YOUR OBJECTIVE | Of all the lines in these entries, count those that contain "simp" and give only the total.

INPUT RECORDS |

lemma card_ES: "card ES \<le> d * d"
proof -
  have "card ES \<le> (\<Sum>i<d. card (path_edges (S i)))"
    unfolding ES_def by (rule card_UN_le) simp
  also have "\<dots> \<le> (\<Sum>i<d. d)"
    using S_paths card_path_edges unfolding plen_def by (intro sum_mono) (metis lessThan_iff)
  finally show ?thesis
    by simp
qed

lemma card_incident_ES: "card {f \<in> ES. v \<in> f} \<le> 2"
proof (cases "\<exists>i<d. v \<in> set (S i)")
  case True
  then obtain i where i: "i < d" "v \<in> set (S i)"
    by auto
  have "{f \<in> ES. v \<in> f} \<subseteq> {f \<in> path_edges (S i). v \<in> f}"
    using S_disjoint i path_edge_subset_set unfolding ES_def by blast
  then have "card {f \<in> ES. v \<in> f} \<le> card {f \<in> path_edges (S i). v \<in> f}"
    by (intro card_mono) auto
  also have "\<dots> \<le> 2"
    using card_incident_path_edges[OF is_path_distinct[OF S_in_H[OF i(1)]], of v]
    by (simp split: if_splits)
  finally show ?thesis .
next
  case False
  then have "{f \<in> ES. v \<in> f} = {}"
    unfolding ES_def using path_edge_subset_set by blast
  then show ?thesis
    by (simp only: card.empty)
qed

lemma card_incident_free_edges: "v \<in> H \<Longrightarrow> 13 \<le> card {f \<in> free_edges. v \<in> f}"
proof -
  assume "v \<in> H"
  then obtain W where W: "W \<subseteq> V" "min_deg_ge W (induced E W) 15" "v \<in> W"
    unfolding H_def core_vertices_def by auto
  then have "W \<subseteq> H"
    unfolding H_def core_vertices_def by auto
  then have "{f \<in> induced E W. v \<in> f} \<subseteq> {f \<in> free_edges. v \<in> f} \<union> {f \<in> ES. v \<in> f}"
    unfolding free_edges_def induced_def by auto
  moreover have "finite ({f \<in> free_edges. v \<in> f} \<union> {f \<in> ES. v \<in> f})"
    using finite_E free_edges_subset ES_subset by (auto intro: finite_subset)
  ultimately have "card {f \<in> induced E W. v \<in> f} \<le> card {f \<in> free_edges. v \<in> f} + card {f \<in> ES. v \<in> f}"
    by (meson card_Un_le card_mono order_trans)
  moreover have "15 \<le> card {f \<in> induced E W. v \<in> f}"
    using W unfolding min_deg_ge_def degree_def by auto
  ultimately show ?thesis
    using card_incident_ES[of v] by linarith
qed

lemma free_edges_meeting_lower_bound:
  assumes C: "finite C" "C \<subseteq> H"
  shows "13 * card C \<le> card {f \<in> free_edges. f \<inter> C \<noteq> {}} + spans E C"
proof -
  define F where "F = {f \<in> free_edges. f \<inter> C \<noteq> {}}"
  have finite_F: "finite F"
    unfolding F_def using finite_E free_edges_subset by (auto intro: finite_subset)
  have "13 * card C = (\<Sum>v\<in>C. 13)"
    by simp
  also have "\<dots> \<le> (\<Sum>v\<in>C. card {f \<in> free_edges. v \<in> f})"
    using C card_incident_free_edges by (intro sum_mono) auto
  also have "\<dots> = (\<Sum>v\<in>C. card {f \<in> F. v \<in> f})"
    unfolding F_def by (intro sum.cong arg_cong[where f = card]) auto
  also have "\<dots> = (\<Sum>f\<in>F. card (f \<inter> C))"
    using C(1) finite_F by (rule sum_card_incident)
  also have "\<dots> \<le> (\<Sum>f\<in>F. 1 + (if f \<subseteq> C then 1 else 0))"
  proof (intro sum_mono)
    fix f
    assume "f \<in> F"
    then obtain a b where "f = {a, b}"
      using edge_doubleton free_edges_subset unfolding F_def by blast
    then show "card (f \<inter> C) \<le> 1 + (if f \<subseteq> C then 1 else 0)"
      by (cases "a \<in> C"; cases "b \<in> C") (auto simp: card_insert_if)
  qed
  also have "\<dots> = card F + card {f \<in> F. f \<subseteq> C}"
    using finite_F by (simp add: sum.distrib sum.inter_filter[symmetric] del: One_nat_def)
  also have "\<dots> \<le> card F + spans E C"
    unfolding spans_def F_def using finite_E free_edges_subset by (intro add_left_mono card_mono) auto
  finally show ?thesis
    unfolding F_def .
qed

text \<open>The vertices deleted near the centre \<open>r\<close> of a growing ball are collected in a small set
  \<open>Q\<close> spanning almost as many edges as it has vertices (in the application, the vertex set of a
  path); this is what the sparseness of small sets is played against.\<close>

definition local_trace :: "nat set \<Rightarrow> nat \<Rightarrow> nat set \<Rightarrow> bool" where
  "local_trace D r Q \<longleftrightarrow> Q \<subseteq> D \<and> Q \<subseteq> V \<and> D \<inter> ball H free_edges r l \<subseteq> Q \<and>
     card Q \<le> l + 1 \<and> card Q \<le> spans E Q + 1"

lemma free_edge_at_free_ball:
  assumes "local_trace D r Q" "k < l" "v \<in> free_ball D r k" "f \<in> free_edges" "v \<in> f"
  shows "f \<subseteq> free_ball D r (Suc k) \<union> Q"
proof
  fix w
  assume "w \<in> f"
  show "w \<in> free_ball D r (Suc k) \<union> Q"
  proof (cases "w = v")
    case True
    then show ?thesis
      using assms(3) ball_radius_mono[of k "Suc k"] by auto
  next
    case False
    obtain a b where "a \<noteq> b" "f = {a, b}"
      using assms(4) edge_doubleton free_edges_subset by blast
    with False assms(5) \<open>w \<in> f\<close> have f: "f = {v, w}"
      by auto
    have "w \<in> H"
      using assms(4) \<open>w \<in> f\<close> free_edge_subset_H by blast
    have v: "v \<in> H - D" "v \<in> ball H free_edges r k"
      using assms(3) ball_subset[of "H - D"]
        ball_mono[of "H - D" H "{f \<in> free_edges. f \<subseteq> H - D}" free_edges]
      by blast+
    have "w \<in> ball H free_edges r (Suc k)"
      using ball_Suc_neighbour[OF v(2)] f \<open>w \<in> H\<close> assms(4) by blast
    then have near: "w \<in> ball H free_edges r l"
      using ball_radius_mono[of "Suc k" l] assms(2) by auto
    show ?thesis
    proof (cases "w \<in> D")
      case True
      then show ?thesis
        using near assms(1) unfolding local_trace_def by blast
    next
      case False
      then have "{v, w} \<in> {f \<in> free_edges. f \<subseteq> H - D}"
        using f v \<open>w \<in> H\<close> assms(4) by auto
      then have "w \<in> free_ball D r (Suc k)"
        using ball_Suc_neighbour[OF assms(3)] \<open>w \<in> H\<close> False by blast
      then show ?thesis
        by blast
    qed
  qed
qed

lemma finite_free_ball: "finite (free_ball D r k)"
  using finite_ball finite_V H_subset by (meson finite_Diff finite_subset)

lemma spans_small_set:
  assumes "U \<subseteq> V" "real (card U) \<le> sqrt (real n)"
  shows "spans E U \<le> card U \<or> (spans E U \<le> 2 * card U \<and> 10 * L < real (card U))"
proof (cases "real (card U) \<le> 10 * L")
  case True
  then show ?thesis
    using very_sparse assms(1) by blast
next
  case False
  then show ?thesis
    using sparse assms by auto
qed

lemma free_edges_meeting_ball:
  assumes Q: "local_trace D r Q" and "k < l"
  shows "card {f \<in> free_edges. f \<inter> free_ball D r k \<noteq> {}} + spans E Q
    \<le> spans E (free_ball D r (Suc k) \<union> Q)"
proof -
  define F where "F = {f \<in> free_edges. f \<inter> free_ball D r k \<noteq> {}}"
  have "free_ball D r k \<inter> Q = {}"
    using Q ball_subset[of "H - D"] unfolding local_trace_def by blast
  then have "F \<inter> {f \<in> E. f \<subseteq> Q} = {}"
    unfolding F_def by blast
  moreover have "F \<subseteq> {f \<in> E. f \<subseteq> free_ball D r (Suc k) \<union> Q}"
    unfolding F_def using free_edge_at_free_ball[OF Q \<open>k < l\<close>] free_edges_subset by blast
  moreover have "{f \<in> E. f \<subseteq> Q} \<subseteq> {f \<in> E. f \<subseteq> free_ball D r (Suc k) \<union> Q}"
    by blast
  moreover have "finite {f \<in> E. f \<subseteq> free_ball D r (Suc k) \<union> Q}"
    using finite_E by simp
  ultimately show ?thesis
    unfolding spans_def F_def using card_Un_disjoint card_mono
    by (metis (no_types, lifting) finite_subset le_sup_iff)
qed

SOLUTION FOR THIS EXERCISE | 8